Monks in Byzantium said it was the gently pulsing rhythms, uplifting melodies and resonating harmonies of liturgical chants floating through the corridors, sanctuaries and domes of their brick and stone churches.
But in 2015, with advanced recording and acoustic measuring technology now available, what do we really mean by angelic sounds? UCLA Byzantine art history and archaeology professor Sharon Gerstel and a multidisciplinary, international team of scholars have devoted much of the last year trying to find that out.
“We wanted the best scientific testing possible to understand what it meant when the Byzantines said, ‘It sounds like there are angels in the buildings,’” Gerstel said.
So Gerstel and a team that included an audio and acoustics professor from USC, a recording engineer, an archaeologist, an architectural historian and a musicologist who specializes in transcriptions of 14th-century Byzantine music spent two weeks in northern Greece last summer trying to capture the ethereal.
The 14th century was significant to the team’s work for several reasons: It marked the end of a five-centuries-long period when Byzantine churches were shrinking in size. In that time period, the paintings and mosaics in these churches depicted the singers as well as the lyrics of the chants. And the music in Byzantium changed into a form called kalophonic (beautiful voice), putting the emphasis on soloists who would riff on the music and create beautiful melodies.

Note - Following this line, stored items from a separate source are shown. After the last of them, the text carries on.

(* For $0\le k\le n-1$, the degree $k$ component of $\mathfrak{pvb}_n^!$ has dimension $L(n,n-k)$, where the Lah number $L(n,n-k)$ is the number of unordered partitions of $[n]=\{1,\dots,n\}$ into $n-k$ nonempty linearly ordered subsets.
   Context: $\mathfrak{pvb}_n^!$ is the graded $\mathbb{Q}$-algebra obtained as the quotient of the exterior algebra on degree-1 generators $r_{ij}$, $1\le i\ne j\le n$, by the ideal generated by $r_{ij}\wedge r_{ik}=r_{ij}\wedge r_{jk}-r_{ik}\wedge r_{kj}$, $r_{ik}\wedge r_{jk}=r_{ij}\wedge r_{jk}-r_{ji}\wedge r_{ik}$ (for $i,j,k$ distinct) and $r_{ij}\wedge r_{ji}=0$. *)

theory Defs
  imports Complex_Main "HOL-Library.Product_Lexorder" "HOL-Library.Function_Algebras"
begin

text \<open>The exterior algebra over the rationals on generators r_ij, (i,j) in gens n, is
  modelled by coefficient functions on (finite) sets of generators: f S is the
  coefficient of the basis monomial e_S = r_{s1} \<and> ... \<and> r_{sm}, where s1 < ... < sm
  in the (lexicographic) linear order on pairs.\<close>

type_synonym gen = "nat \<times> nat"
type_synonym ext = "gen set \<Rightarrow> rat"

definition gens :: "nat \<Rightarrow> gen set" where
  "gens n = {(i, j). 1 \<le> i \<and> i \<le> n \<and> 1 \<le> j \<and> j \<le> n \<and> i \<noteq> j}"

definition qscale :: "rat \<Rightarrow> ext \<Rightarrow> ext" where
  "qscale c f = (\<lambda>S. c * f S)"

text \<open>sign of e_S \<and> e_T = sign S T * e_(S \<union> T) for disjoint S, T\<close>
definition wsign :: "gen set \<Rightarrow> gen set \<Rightarrow> rat" where
  "wsign S T = (-1) ^ card {(s, t). s \<in> S \<and> t \<in> T \<and> t < s}"

definition wedge :: "ext \<Rightarrow> ext \<Rightarrow> ext" where
  "wedge f g = (\<lambda>U. \<Sum>S\<in>Pow U. wsign S (U - S) * f S * g (U - S))"

definition mono :: "gen set \<Rightarrow> ext" where
  "mono S = (\<lambda>U. if U = S then 1 else 0)"

definition r :: "nat \<Rightarrow> nat \<Rightarrow> ext" where
  "r i j = mono {(i, j)}"

definition rels :: "nat \<Rightarrow> ext set" where
  "rels n =
     {wedge (r i j) (r i k) - (wedge (r i j) (r j k) - wedge (r i k) (r k j)) | i j k.
        i \<in> {1..n} \<and> j \<in> {1..n} \<and> k \<in> {1..n} \<and> i \<noteq> j \<and> i \<noteq> k \<and> j \<noteq> k}
   \<union> {wedge (r i k) (r j k) - (wedge (r i j) (r j k) - wedge (r j i) (r i k)) | i j k.
        i \<in> {1..n} \<and> j \<in> {1..n} \<and> k \<in> {1..n} \<and> i \<noteq> j \<and> i \<noteq> k \<and> j \<noteq> k}
   \<union> {wedge (r i j) (r j i) | i j. i \<in> {1..n} \<and> j \<in> {1..n} \<and> i \<noteq> j}"

definition ext_deg :: "nat \<Rightarrow> nat \<Rightarrow> ext set" where
  "ext_deg n k = module.span qscale {mono S | S. S \<subseteq> gens n \<and> card S = k}"

text \<open>degree k component of the (homogeneous) two-sided ideal generated by the relations\<close>
definition ideal_deg :: "nat \<Rightarrow> nat \<Rightarrow> ext set" where
  "ideal_deg n k = module.span qscale
     {wedge (wedge (mono A) q) (mono B) | A B q.
        A \<subseteq> gens n \<and> B \<subseteq> gens n \<and> card A + card B + 2 = k \<and> q \<in> rels n}"

text \<open>dimension of the degree k component of the quotient pvb_n^!\<close>
definition pvb_dual_dim :: "nat \<Rightarrow> nat \<Rightarrow> nat" where
  "pvb_dual_dim n k =
     vector_space.dim qscale (ext_deg n k) - vector_space.dim qscale (ideal_deg n k)"

definition lah_partitions :: "nat \<Rightarrow> nat \<Rightarrow> nat list set set" where
  "lah_partitions n m =
     {P. (\<forall>xs\<in>P. xs \<noteq> [] \<and> distinct xs) \<and>
         (\<forall>xs\<in>P. \<forall>ys\<in>P. xs \<noteq> ys \<longrightarrow> set xs \<inter> set ys = {}) \<and>
         (\<Union>xs\<in>P. set xs) = {1..n} \<and> finite P \<and> card P = m}"

definition lah :: "nat \<Rightarrow> nat \<Rightarrow> nat" where
  "lah n m = card (lah_partitions n m)"

end

theory Submission
  imports Defs
begin

text \<open>
  The degree k part of the exterior algebra is spanned, modulo the relation ideal, by the
  edge monomials of the Lah partitions of [n] into n - k blocks, i.e. the wedge products of
  r_ab over all pairs of consecutive entries a, b of a block. By induction on the degree one
  multiplies an edge monomial by a generator r_ab and rewrites with the relations: if a and b
  lie in different blocks the product reduces to monomials of partitions with two blocks
  merged, and if they lie in the same block the product contains a cycle, and monomials
  containing a cycle lie in the ideal.

  The edge monomials are independent modulo the ideal. For each partition Q, order the
  entries of all blocks in one list and send r_ij to the sum of the generators x_t over the
  positions t from that of i up to, but excluding, that of j when i precedes j in a block of Q,
  and to 0 otherwise. This extends to an algebra map that kills the relations, does not vanish
  on the edge monomial of Q, and kills the edge monomial of every other partition with the same
  number of blocks.
\<close>

section \<open>A dimension formula for dual families\<close>

context vector_space
begin

lemma dual_family_disjoint:
  assumes L_I: "\<And>p x. p \<in> P \<Longrightarrow> x \<in> I \<Longrightarrow> L p x = 0"
    and L_b: "\<And>p q. p \<in> P \<Longrightarrow> q \<in> P \<Longrightarrow> L p (b q) = 0 \<longleftrightarrow> p \<noteq> q"
    and "B \<subseteq> I"
  shows "b ` P \<inter> B = {}"
proof (intro equals0I)
  fix x assume "x \<in> b ` P \<inter> B"
  then obtain p where p: "p \<in> P" "b p \<in> B" by auto
  then have "L p (b p) = 0" using L_I \<open>B \<subseteq> I\<close> by blast
  then show False using L_b[OF p(1) p(1)] by simp
qed

lemma independent_Un_dual_family:
  fixes s :: "'a \<Rightarrow> 'c::ab_group_add \<Rightarrow> 'c"
  assumes P: "finite P" and B: "finite B" "independent B" "B \<subseteq> I"
    and L: "\<And>p. p \<in> P \<Longrightarrow> Vector_Spaces.linear scale s (L p)"
    and L_I: "\<And>p x. p \<in> P \<Longrightarrow> x \<in> I \<Longrightarrow> L p x = 0"
    and L_b: "\<And>p q. p \<in> P \<Longrightarrow> q \<in> P \<Longrightarrow> L p (b q) = 0 \<longleftrightarrow> p \<noteq> q"
  shows "independent (b ` P \<union> B)"
proof (rule independent_if_scalars_zero)
  show fin: "finite (b ` P \<union> B)" using P B(1) by simp
  fix f x assume sum0: "(\<Sum>x\<in>b ` P \<union> B. f x *s x) = 0" and "x \<in> b ` P \<union> B"
  have disj: "b ` P \<inter> B = {}" using L_I L_b B(3) by (rule dual_family_disjoint)
  have coeff_b: "f (b p) = 0" if p: "p \<in> P" for p
  proof -
    interpret Lp: Vector_Spaces.linear scale s "L p" by (rule L[OF p])
    have "(\<Sum>x\<in>b ` P \<union> B. s (f x) (L p x)) = L p (\<Sum>x\<in>b ` P \<union> B. f x *s x)"
      by (simp add: Lp.sum Lp.scale)
    also have "\<dots> = 0" by (simp add: sum0)
    finally have "(\<Sum>x\<in>b ` P \<union> B. s (f x) (L p x)) = 0" .
    moreover have "(\<Sum>x\<in>(b ` P \<union> B) - {b p}. s (f x) (L p x)) = 0"
    proof (rule sum.neutral, rule ballI)
      fix x assume "x \<in> (b ` P \<union> B) - {b p}"
      then have "L p x = 0" using B(3) L_I[OF p] L_b[OF p] by auto
      then show "s (f x) (L p x) = 0" by simp
    qed
    moreover have "b p \<in> b ` P \<union> B" using p by simp
    ultimately show ?thesis using L_b[OF p p] fin by (simp add: sum.remove)
  qed
  have "(\<Sum>x\<in>b ` P \<union> B. f x *s x) = (\<Sum>x\<in>b ` P. f x *s x) + (\<Sum>x\<in>B. f x *s x)"
    using P B(1) disj by (simp add: sum.union_disjoint)
  moreover have "(\<Sum>x\<in>b ` P. f x *s x) = 0" using coeff_b by (simp add: sum.neutral)
  ultimately have "(\<Sum>x\<in>B. f x *s x) = 0" using sum0 by simp
  then show "f x = 0"
    using \<open>x \<in> b ` P \<union> B\<close> coeff_b independentD[OF B(2) B(1)] by auto
qed

lemma dim_span_Un_dual_family:
  fixes s :: "'a \<Rightarrow> 'c::ab_group_add \<Rightarrow> 'c"
  assumes P: "finite P" and I: "finite C" "I \<subseteq> span C"
    and L: "\<And>p. p \<in> P \<Longrightarrow> Vector_Spaces.linear scale s (L p)"
    and L_I: "\<And>p x. p \<in> P \<Longrightarrow> x \<in> I \<Longrightarrow> L p x = 0"
    and L_b: "\<And>p q. p \<in> P \<Longrightarrow> q \<in> P \<Longrightarrow> L p (b q) = 0 \<longleftrightarrow> p \<noteq> q"
  shows "dim (span (b ` P \<union> I)) = card P + dim I"
proof -
  obtain B where B: "B \<subseteq> I" "independent B" "I \<subseteq> span B" "card B = dim I"
    by (rule basis_exists)
  have "B \<subseteq> span C" using B(1) I(2) by (rule subset_trans)
  then have "finite B" using independent_span_bound[OF I(1) B(2)] by simp
  have "inj_on b P"
  proof (rule inj_onI)
    fix p q assume "p \<in> P" "q \<in> P" "b p = b q"
    then show "p = q" using L_b[of p p] L_b[of p q] by auto
  qed
  have disj: "b ` P \<inter> B = {}" using L_I L_b B(1) by (rule dual_family_disjoint)
  have span_eq: "span (b ` P \<union> B) = span (b ` P \<union> I)"
  proof -
    have "b ` P \<union> B \<subseteq> b ` P \<union> I" using B(1) by auto
    then have "b ` P \<union> B \<subseteq> span (b ` P \<union> I)" using span_superset by (rule subset_trans)
    moreover have "span B \<subseteq> span (b ` P \<union> B)" by (rule span_mono) simp
    then have "I \<subseteq> span (b ` P \<union> B)" using B(3) by (rule subset_trans[rotated])
    moreover have "b ` P \<subseteq> span (b ` P \<union> B)" using span_superset[of "b ` P \<union> B"] by auto
    ultimately show ?thesis by (simp add: span_eq)
  qed
  have "independent (b ` P \<union> B)"
    by (rule independent_Un_dual_family[OF P \<open>finite B\<close> B(2,1) L L_I L_b])
  then have "dim (span (b ` P \<union> I)) = card (b ` P \<union> B)"
    by (simp flip: span_eq add: dim_eq_card_independent)
  also have "\<dots> = card P + dim I"
    using P \<open>finite B\<close> disj \<open>inj_on b P\<close> B(4) by (simp add: card_Un_disjoint card_image)
  finally show ?thesis .
qed

end

section \<open>Exterior algebra on coefficient functions\<close>

interpretation V: vector_space qscale
  by unfold_locales (auto simp: qscale_def fun_eq_iff algebra_simps)

lemma qscale_apply[simp]: "qscale c f U = c * f U" by (simp add: qscale_def)

lemma span_qscale_iff: "c \<noteq> 0 \<Longrightarrow> qscale c x \<in> V.span X \<longleftrightarrow> x \<in> V.span X"
proof
  assume "c \<noteq> 0" "qscale c x \<in> V.span X"
  then have "qscale (inverse c) (qscale c x) \<in> V.span X" using V.span_scale by blast
  then show "x \<in> V.span X" using \<open>c \<noteq> 0\<close> by (simp add: V.scale_scale)
qed (rule V.span_scale)

lemma gensI: "i \<in> {1..n} \<Longrightarrow> j \<in> {1..n} \<Longrightarrow> i \<noteq> j \<Longrightarrow> (i, j) \<in> gens n"
  by (auto simp: gens_def)

lemma finite_gens: "finite (gens n)"
  by (rule finite_subset[of _ "{1..n} \<times> {1..n}"]) (auto simp: gens_def)

definition inversions :: "gen set \<Rightarrow> gen set \<Rightarrow> (gen \<times> gen) set" where
  "inversions A B = {(s, t). s \<in> A \<and> t \<in> B \<and> t < s}"

lemma wsign_inversions: "wsign A B = (-1) ^ card (inversions A B)"
  by (simp add: wsign_def inversions_def)

lemma finite_inversions[intro]: "finite A \<Longrightarrow> finite B \<Longrightarrow> finite (inversions A B)"
  by (rule finite_subset[of _ "A \<times> B"]) (auto simp: inversions_def)

lemma wsign_square[simp]: "wsign A B * wsign A B = 1"
  by (simp add: wsign_def power_mult_distrib[symmetric] flip: power_add mult_2)

lemma wsign_nonzero[simp]: "wsign A B \<noteq> 0"
  by (simp add: wsign_def)

lemma wsign_empty_left[simp]: "wsign {} B = 1" and wsign_empty_right[simp]: "wsign A {} = 1"
  by (simp_all add: wsign_def)

lemma wsign_Un_left:
  assumes "finite A" "finite B" "finite C" "A \<inter> B = {}"
  shows "wsign (A \<union> B) C = wsign A C * wsign B C"
proof -
  have "inversions (A \<union> B) C = inversions A C \<union> inversions B C" by (auto simp: inversions_def)
  moreover have "inversions A C \<inter> inversions B C = {}" using assms(4) by (auto simp: inversions_def)
  ultimately have "card (inversions (A \<union> B) C) = card (inversions A C) + card (inversions B C)"
    using assms by (simp add: card_Un_disjoint finite_inversions)
  thus ?thesis by (simp add: wsign_inversions power_add)
qed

Previously, scholars had said the move to build smaller churches was the result of congregations or monastic communities getting smaller, Gerstel said. But with artwork incorporating inscriptions from hymns and depicting figures gesturing to one another from opposite walls in churches as if they were conversing, Gerstel posited another theory: These new churches were designed to be smaller — and even decorated differently — to enhance the performance of the chants.